東京木材問屋協同組合


文苑 随想
「見たり、聞いたり、探ったり」 No.197

〜歴史探訪 一人旅〜
世紀の大工事 黒部ダム建設の歴史を探る
(立山黒部アルペンルート)
青木行雄

 戦後日本の復興を支える壮大なエネルギーを造るという大きな目標に向けて始まったといわれる、黒部ダム(黒四ダム)建設の完成現場を探る。


※黒部ダムの地下に石原裕次郎の記念プレートがあった。
 持てる知識と経験を生かして、延べ1,000万人の労力と7年という時間を費やして見事完成に至った現場を見学した。様々な物語が山ほどあって、とても1日や2日で探ることは出来ない。あの小説や映画『黒部の太陽』に描かれた思いを今一度思い出しながら、見て廻ったが、感慨深い現場であった。
 出来上がってからの月日と、甦るあの「石原裕次郎」主演の映画が、ミニホールで映写。ほんの一部を見たが感動だった。
 1956(昭和31)年関西電力は社運をかけて“黒四ダム”建設を行うことを決定した。その8月に資材輸送路「大町ルート」工事に着手した。大町側から大町トンネル(現在の関電トンネル)の掘削が始まったのである。

 “黒四ダム”建設において最も困難を極めたのが大町トンネルの開通だったと言う。その原因は1957(昭和32)年5月に遭遇した「破砕帯」である。
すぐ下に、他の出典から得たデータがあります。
definition skew_force_step :: "'a set \<Rightarrow> ('a \<Rightarrow> 'a \<Rightarrow> bool) \<Rightarrow> 'a set \<Rightarrow> 'a set \<Rightarrow> bool" where
  "skew_force_step V E B B' \<longleftrightarrow>
     (\<exists>u\<in>V. \<exists>v. {w \<in> V. E u w \<and> w \<notin> B} = {v} \<and> B' = insert v B)"

definition skew_forcing_set :: "'a set \<Rightarrow> ('a \<Rightarrow> 'a \<Rightarrow> bool) \<Rightarrow> 'a set \<Rightarrow> bool" where
  "skew_forcing_set V E S \<longleftrightarrow> S \<subseteq> V \<and> (skew_force_step V E)\<^sup>*\<^sup>* S V"

definition skew_zero_forcing_number :: "'a set \<Rightarrow> ('a \<Rightarrow> 'a \<Rightarrow> bool) \<Rightarrow> nat" where
  "skew_zero_forcing_number V E = (LEAST k. \<exists>S. skew_forcing_set V E S \<and> card S = k)"

definition min_skew_forcing_sets :: "'a set \<Rightarrow> ('a \<Rightarrow> 'a \<Rightarrow> bool) \<Rightarrow> 'a set set" where
  "min_skew_forcing_sets V E =
     {S. skew_forcing_set V E S \<and> card S = skew_zero_forcing_number V E}"

text \<open>The token exchange skew forcing graph: vertices are minimum skew forcing sets.\<close>
definition TE_adj :: "'a set \<Rightarrow> 'a set \<Rightarrow> bool" where
  "TE_adj S1 S2 \<longleftrightarrow> (\<exists>v1 v2. S1 - S2 = {v1} \<and> S2 - S1 = {v2})"

definition complete_adj :: "nat \<Rightarrow> nat \<Rightarrow> bool" where
  "complete_adj i j \<longleftrightarrow> i \<noteq> j"

definition graph_iso :: "'a set \<Rightarrow> ('a \<Rightarrow> 'a \<Rightarrow> bool) \<Rightarrow> 'b set \<Rightarrow> ('b \<Rightarrow> 'b \<Rightarrow> bool) \<Rightarrow> bool" where
  "graph_iso V1 E1 V2 E2 \<longleftrightarrow>
     (\<exists>f. bij_betw f V1 V2 \<and> (\<forall>x\<in>V1. \<forall>y\<in>V1. E1 x y \<longleftrightarrow> E2 (f x) (f y)))"

end

theory Submission
  imports Defs
begin

text \<open>Two k-sets are adjacent in the token exchange graph iff they share k - 1 elements.
  A pairwise adjacent family of k-subsets of an n-set therefore either has a common
  (k - 1)-element core or lies inside a single (k + 1)-set, so it has at most
  max (n + 1 - k) (k + 1) members. If G has an edge uv, then u forces v and v forces u
  starting from V - {u, v}, so Z(G) \<le> n - 2, and n pairwise adjacent minimum skew forcing
  sets force Z(G) = 1 (Z(G) = 0 would leave the empty set as the only one); if G has no edges, V is its only skew forcing set. Once Z(G) = 1,
  the token exchange graph is complete on n vertices exactly when all singletons are
  skew forcing sets.\<close>

lemma graph_iso_complete_iff:
  "graph_iso V E {0..<n} complete_adj \<longleftrightarrow>
     finite V \<and> card V = n \<and> (\<forall>x\<in>V. \<forall>y\<in>V. E x y \<longleftrightarrow> x \<noteq> y)"
proof
  assume "graph_iso V E {0..<n} complete_adj"
  then obtain f where f: "bij_betw f V {0..<n}" "\<forall>x\<in>V. \<forall>y\<in>V. E x y \<longleftrightarrow> f x \<noteq> f y"
    unfolding graph_iso_def complete_adj_def by blast
  have "f x = f y \<longleftrightarrow> x = y" if "x \<in> V" "y \<in> V" for x y
    using f(1) that unfolding bij_betw_def inj_on_def by blast
  moreover have "finite V" "card V = n"
    using bij_betw_finite[OF f(1)] bij_betw_same_card[OF f(1)] by simp_all
  ultimately show "finite V \<and> card V = n \<and> (\<forall>x\<in>V. \<forall>y\<in>V. E x y \<longleftrightarrow> x \<noteq> y)"
    using f(2) by blast
next
  assume V: "finite V \<and> card V = n \<and> (\<forall>x\<in>V. \<forall>y\<in>V. E x y \<longleftrightarrow> x \<noteq> y)"
  then obtain g where g: "bij_betw g {0..<n} V" using ex_bij_betw_nat_finite by blast
  have "bij_betw (inv_into {0..<n} g) V {0..<n}"
    using g by (rule bij_betw_inv_into)
  moreover from this have "inv_into {0..<n} g x \<noteq> inv_into {0..<n} g y \<longleftrightarrow> x \<noteq> y"
    if "x \<in> V" "y \<in> V" for x y
    using that unfolding bij_betw_def inj_on_def by blast
  ultimately show "graph_iso V E {0..<n} complete_adj"
    unfolding graph_iso_def complete_adj_def using V by blast
qed

lemma TE_adj_singleton_iff: "TE_adj {a} {b} \<longleftrightarrow> a \<noteq> b"
  unfolding TE_adj_def by auto

lemma TE_adj_card:
  assumes "finite A" "TE_adj A B"
  shows "card A = card (A \<inter> B) + 1" "card (A \<union> B) = card A + 1"
proof -
  obtain a b where ab: "A - B = {a}" "B - A = {b}" using assms(2) unfolding TE_adj_def by blast
  have "A = insert a (A \<inter> B)" "a \<notin> A \<inter> B" using ab by blast+
  then show "card A = card (A \<inter> B) + 1"
    using assms(1) by (metis card_insert_disjoint finite_Int Suc_eq_plus1)
  have "A \<union> B = insert b A" "b \<notin> A" using ab by blast+
  then show "card (A \<union> B) = card A + 1" using assms(1) by simp
qed

lemma TE_adj_family_core_or_hull:
  assumes card_F: "\<And>C. C \<in> F \<Longrightarrow> finite C \<and> card C = k"
    and adj_F: "\<And>C C'. C \<in> F \<Longrightarrow> C' \<in> F \<Longrightarrow> C \<noteq> C' \<Longrightarrow> TE_adj C C'"
    and AB: "A \<in> F" "B \<in> F" "A \<noteq> B"
  shows "(\<forall>C\<in>F. A \<inter> B \<subseteq> C) \<or> (\<forall>C\<in>F. C \<subseteq> A \<union> B)"
proof -
  define D where "D = A \<inter> B"
  define U where "U = A \<union> B"
  have fin_D: "finite D" using card_F[OF AB(1)] unfolding D_def by blast
  have card_D: "card D + 1 = k"
    using card_F[OF AB(1)] TE_adj_card(1)[OF _ adj_F[OF AB]] unfolding D_def by simp
  have outside: "C = insert y D" if C: "C \<in> F" "y \<in> C" "y \<notin> U" for C y
  proof -
    have "C \<noteq> A" "C \<noteq> B" using C unfolding U_def by auto
    then obtain a b where "C - A = {a}" "C - B = {b}"
      using adj_F C(1) AB unfolding TE_adj_def by metis
    moreover have "y \<in> C - A" "y \<in> C - B" using C unfolding U_def by auto
    ultimately have "C - A = {y}" "C - B = {y}" by auto
    then have "C \<subseteq> insert y D" unfolding D_def by blast
    moreover have "y \<notin> D" using C(3) unfolding U_def D_def by blast
    then have "card (insert y D) = card C"
      using card_F[OF C(1)] fin_D card_D by simp
    ultimately show ?thesis using fin_D by (simp add: card_subset_eq)
  qed
  show ?thesis
  proof (cases "\<forall>C\<in>F. C \<subseteq> U")
    case False
    then obtain C0 y0 where C0: "C0 \<in> F" "y0 \<in> C0" "y0 \<notin> U" by blast
    have "D \<subseteq> C" if C: "C \<in> F" for C
    proof (cases "C \<subseteq> U")
      case True
      then have "C \<noteq> C0" using C0 by auto
      then have "card (C \<inter> C0) = card D"
        using TE_adj_card(1)[OF _ adj_F[OF C C0(1)]] card_F[OF C] card_D by simp
      moreover have "C \<inter> C0 \<subseteq> D" using True outside[OF C0] C0(3) by blast
      ultimately have "C \<inter> C0 = D" using fin_D by (simp add: card_subset_eq)
      then show ?thesis by blast
    next
      case False
      then show ?thesis using outside C by blast
    qed
    then show ?thesis unfolding D_def by blast
  qed (simp add: U_def)
qed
わずか80mという距離が全く進めず一時は暗礁に乗り上げたと言われる。
 しかし、英知を結集し、7ヶ月もの苦闘の末、突破出来たと記されている。

 その破砕帯の説明をこんなふうに記してあった。

 「順調に進んでいた関電トンネルの掘削でしたが、大町側から約1,691mのところで破砕帯という大きな問題と突き当たりました。岩盤の中で岩が細かく割れ、軟弱な地層からは※毎秒660ℓもの水と土砂が噴出し続けたのです。しかし、持てる知識と経験により見事突破できました。その模様は、小説や映画『黒部の太陽』に描かれ今に語り伝えられています。」

 ※毎秒666ℓと言うから、ドラム缶毎秒3本分とすると、1分間にドラム缶200本分もの量になる。
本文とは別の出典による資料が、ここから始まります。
definition interlacing_sum :: "int \<Rightarrow> (int list \<Rightarrow> 'a::ab_group_add) \<Rightarrow> int list \<Rightarrow> 'a" where
  "interlacing_sum c F ks = nsum F (0 # ks @ [c])"

lemma Gq_Suc_interlacing_sum:
  "Gq q (Suc r) n c A = interlacing_sum c (\<lambda>ls. Gq q r n c A ls * q powi sum_list ls)"
  by (simp add: interlacing_sum_def fun_eq_iff)

lemma interlacing_sum_split1_shifted:
  assumes "post @ [c] = s # V"
  shows "interlacing_sum (c + 2) F (pre @ map (\<lambda>k. k + 2) post)
       = nsum (\<lambda>l1. gsum (\<lambda>W. nsum (\<lambda>l3. F (l1 @ W # map (\<lambda>k. k + 2) l3)) (s # V))
           (last (0 # pre)) (s + 2)) (0 # pre)"
proof -
  have eq: "0 # (pre @ map (\<lambda>k. k + 2) post) @ [c + 2] = (0 # pre) @ (s + 2) # map (\<lambda>k. k + 2) V"
    using arg_cong[OF assms, of "map (\<lambda>k. k + 2)"] by simp
  have inner: "nsum (\<lambda>l3. F (l1 @ W # l3)) ((s + 2) # map (\<lambda>k. k + 2) V)
      = nsum (\<lambda>l3. F (l1 @ W # map (\<lambda>k. k + 2) l3)) (s # V)" for l1 W
    using nsum_shift_bounds[of "\<lambda>l3. F (l1 @ W # l3)" 2 "s # V"] by simp
  show ?thesis
    unfolding interlacing_sum_def eq by (subst nsum_append) (simp_all add: inner)
qed

lemma interlacing_sum_split3:
  assumes "post @ [c] = s # V"
  shows "interlacing_sum c F (pre @ x # y # post)
       = nsum (\<lambda>l1. gsum (\<lambda>X. gsum (\<lambda>Y. gsum (\<lambda>Z.
           nsum (\<lambda>l3. F (l1 @ X # Y # Z # l3)) (s # V)) y s) x y) (last (0 # pre)) x) (0 # pre)"
proof -
  have eq: "0 # (pre @ x # y # post) @ [c] = (0 # pre) @ x # y # s # V"
    using assms by simp
  show ?thesis
    unfolding interlacing_sum_def eq by (subst nsum_append) simp_all
qed

definition Dop_factors ::
    "nat \<Rightarrow> 'b set \<Rightarrow> (int list \<Rightarrow> 'a::semiring_0) \<Rightarrow> ('b \<Rightarrow> int \<Rightarrow> int \<Rightarrow> 'a) \<Rightarrow> ('b \<Rightarrow> int list \<Rightarrow> 'a) \<Rightarrow> bool"
  where "Dop_factors n J A B A' \<longleftrightarrow> (\<forall>i ks. 1 \<le> i \<and> i \<le> n - 1 \<and> length ks = n \<longrightarrow>
    Dop i A ks = (\<Sum>j\<in>J. B j (ks ! (i - 1) + int i) (ks ! i + int i)
                   * A' j (take (i - 1) ks @ map (\<lambda>k. k + 2) (drop (i + 1) ks))))"

lemma all_adjacent_positions_iff:
  fixes P :: "nat \<Rightarrow> 'a list \<Rightarrow> bool"
  shows "(\<forall>i ks. 1 \<le> i \<and> i \<le> n - 1 \<and> length ks = n \<longrightarrow> P i ks)
   \<longleftrightarrow> (\<forall>pre x y post. length pre + length post + 2 = n \<longrightarrow> P (Suc (length pre)) (pre @ x # y # post))"
proof (intro iffI allI impI)
  fix pre post :: "'a list" and x y :: 'a
  assume "\<forall>i ks. 1 \<le> i \<and> i \<le> n - 1 \<and> length ks = n \<longrightarrow> P i ks"
    and "length pre + length post + 2 = n"
  then show "P (Suc (length pre)) (pre @ x # y # post)"
    by simp
next
  fix i and ks :: "'a list"
  assume H: "\<forall>pre x y post. length pre + length post + 2 = n \<longrightarrow> P (Suc (length pre)) (pre @ x # y # post)"
    and i: "1 \<le> i \<and> i \<le> n - 1 \<and> length ks = n"
  have "i - 1 < length ks" "i < length ks" "Suc (i - 1) = i"
    using i by auto
  then have "drop (i - 1) ks = ks ! (i - 1) # ks ! i # drop (i + 1) ks"
    by (metis Cons_nth_drop_Suc Suc_eq_plus1)
  then have "ks = take (i - 1) ks @ ks ! (i - 1) # ks ! i # drop (i + 1) ks"
    by (metis append_take_drop_id)
  moreover have "Suc (length (take (i - 1) ks)) = i"
    and "length (take (i - 1) ks) + length (drop (i + 1) ks) + 2 = n"
    using i by auto
  ultimately show "P i ks"
    using H by metis
qed

lemma Dop_factors_iff:
  "Dop_factors n J A B A' \<longleftrightarrow> (\<forall>pre x y post. length pre + length post + 2 = n \<longrightarrow>
     A (pre @ x # y # post) + A (pre @ (y+1) # (x-1) # post)
     = (\<Sum>j\<in>J. B j (x + int (Suc (length pre))) (y + int (Suc (length pre)))
                 * A' j (pre @ map (\<lambda>k. k + 2) post)))"
  unfolding Dop_factors_def all_adjacent_positions_iff by (simp add: Dop_def nth_append)

lemma Dop_factors_weight:
  fixes q :: "'a::field"
  assumes q: "q \<noteq> 0" and factors: "Dop_factors n J A B A'"
  shows "Dop_factors n J (\<lambda>ls. A ls * q powi sum_list ls)
           (\<lambda>j x y. q powi (2 - 2 * int n) * (B j x y * q powi (x + y)))
           (\<lambda>j ls. A' j ls * q powi sum_list ls)"
  unfolding Dop_factors_iff
proof (intro allI impI)
  fix pre post :: "int list" and x y :: int
  assume len: "length pre + length post + 2 = n"
  define t where "t = int (Suc (length pre))"
  have exponent: "sum_list (pre @ x # y # post)
      = (2 - 2 * int n) + (x + t + (y + t)) + sum_list (pre @ map (\<lambda>k. k + 2) post)"
    using len by (simp add: t_def sum_list_addf sum_list_triv)
  have weight: "q powi sum_list (pre @ x # y # post)
      = q powi (2 - 2 * int n) * q powi (x + t + (y + t)) * q powi sum_list (pre @ map (\<lambda>k. k + 2) post)"
    unfolding exponent by (simp only: power_int_add q simp_thms)
  have pair: "A (pre @ x # y # post) + A (pre @ (y+1) # (x-1) # post)
      = (\<Sum>j\<in>J. B j (x + t) (y + t) * A' j (pre @ map (\<lambda>k. k + 2) post))"
    using factors len unfolding Dop_factors_iff t_def by blast
  have same_sum: "sum_list (pre @ (y+1) # (x-1) # post) = sum_list (pre @ x # y # post)"
    by simp
  have "(A (pre @ x # y # post) + A (pre @ (y+1) # (x-1) # post)) * q powi sum_list (pre @ x # y # post)
      = (\<Sum>j\<in>J. q powi (2 - 2 * int n) * (B j (x + t) (y + t) * q powi (x + t + (y + t)))
            * (A' j (pre @ map (\<lambda>k. k + 2) post) * q powi sum_list (pre @ map (\<lambda>k. k + 2) post)))"
    unfolding weight pair sum_distrib_right by (simp add: mult_ac)
  then show "A (pre @ x # y # post) * q powi sum_list (pre @ x # y # post)
      + A (pre @ (y+1) # (x-1) # post) * q powi sum_list (pre @ (y+1) # (x-1) # post)
      = (\<Sum>j\<in>J. q powi (2 - 2 * int n) * (B j (x + int (Suc (length pre))) (y + int (Suc (length pre)))
            * q powi (x + int (Suc (length pre)) + (y + int (Suc (length pre)))))
            * (A' j (pre @ map (\<lambda>k. k + 2) post) * q powi sum_list (pre @ map (\<lambda>k. k + 2) post)))"
    unfolding same_sum t_def[symmetric] by (simp only: distrib_right)
qed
 1958(昭和33)年2月、関電トンネルが開通し、工事関係者の歓喜の声が響き渡った。このシーンも映画『黒部の太陽』を思い出す感動の場面である。この5月には全面開通し、ダムでの採掘も本格化した。1959(昭和34)年2月、ダムと発電所を結ぶ黒部トンネルも開通した。同年9月、ダム本体のコンクリート打設が開始され、定礎式が行われたと言う。
 1960(昭和35)年、コンクリートの打設量1日に8,653m³という驚異的なスピードで建設は進行した。
 そして、この10月からダムの湛水工事も開始された。1962(昭和37)年8月、黒部川第四発電所3号発電機の運転が開始された。1号、2号は1961(昭和36)年に開始している。
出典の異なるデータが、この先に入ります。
lemma mean_zproc_shift:
  assumes "b \<in> carrier_vec d" "r < (p-1)*d"
  shows "(LINT \<omega>|P. z b x0 (Suc k) \<omega> $ r) = (LINT \<omega>|P. z b x0 k \<omega> $ (r+d))"
proof -
  have "r < p*d" using assms(2) by (cases p) auto
  then show ?thesis using assms by (simp add: index_zproc_Suc del: zproc.simps)
qed

lemma mean_copy_C:
  "k \<ge> 1 \<Longrightarrow> i < p \<Longrightarrow> a < d \<Longrightarrow> c < d
   \<Longrightarrow> (LINT \<omega>|P. copy k \<omega> (Some i, a, c)) = mean_mat P d d (Cr 0 i) $$ (a,c)"
  by (subst integral_copy_entry) (simp_all add: mean_mat_def copy_Some)

lemma mean_copy_N:
  "k \<ge> 1 \<Longrightarrow> a < d \<Longrightarrow> c < d
   \<Longrightarrow> (LINT \<omega>|P. copy k \<omega> (None, a, c)) = mean_mat P d d (Nr 0) $$ (a,c)"
  by (subst integral_copy_entry) (simp_all add: mean_mat_def copy_None)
 1963(昭和38)年6月、黒四ダム建設工事の竣工式を迎えた。
 当時の金額で513億の工費と延べ1,000万人の手により、又、171人の尊い命を犠牲に“黒四ダム”は完成したのである。
 白亜のダムを歩く関係者たちは苦難の日々を振り返りながら喜び合い、感動した事だろう。その後、黒部ダムは関西への電力供給を開始、日本経済の成長を助け続けている。

 苦労を重ねた経緯を知り、完成したダムの上を歩くと、ひとしお感動も大きいはずだ。
 2016(平成28)年6月4日、縁あって、富山県中新川郡立山町の立山駅(富山地方鉄道)からこの立山黒部アルペンルートを通り、黒部に行くことになった。普通西から東、東から西へのルートがあり、長野県側の信濃大町より行く場合もある。

 この「立山黒部アルペンルート」をまだ行った事がない方のために説明しておこう。

 立山黒部アルペンルートは、富山県中新川郡立山町の立山駅(富山地方鉄道)と長野県大町市の扇沢駅(関電トンネルトロリーバス)とを結ぶ交通路で、国際的にも大規模な山岳観光ルートであるようだ。1971(昭和46年)6月1日に全通したと言う。

 立山駅から扇澤駅までは、東西に直線距離で約25km足らずと言うが、最大高低差が1,975mもあって、ロープウェイや、ケーブルカー、トロリーバス等7回も乗り換える楽しみが待っている。そのほぼ全区間が中部山岳国立公園内にあり、飛騨山脈・立山連峰を貫き、黒部ダムなどのいくつもの景勝地を通る。本ルートは4月中頃から開通し、11月中頃に閉鎖すると言うが、年によって多少日数が違うようだ。約6ヶ月の営業である。

 最高地点は、立山登山の基点ともなる室堂で標高2,450mあり、富山県側の立山から黒部湖までの区間は山岳観光や立山登山客の便を図るために作られたと言う。黒部ダムから扇沢の区間は黒部ダム建設の資材運搬のために建設され、ダム完成後に一般の旅客に開放されたのである。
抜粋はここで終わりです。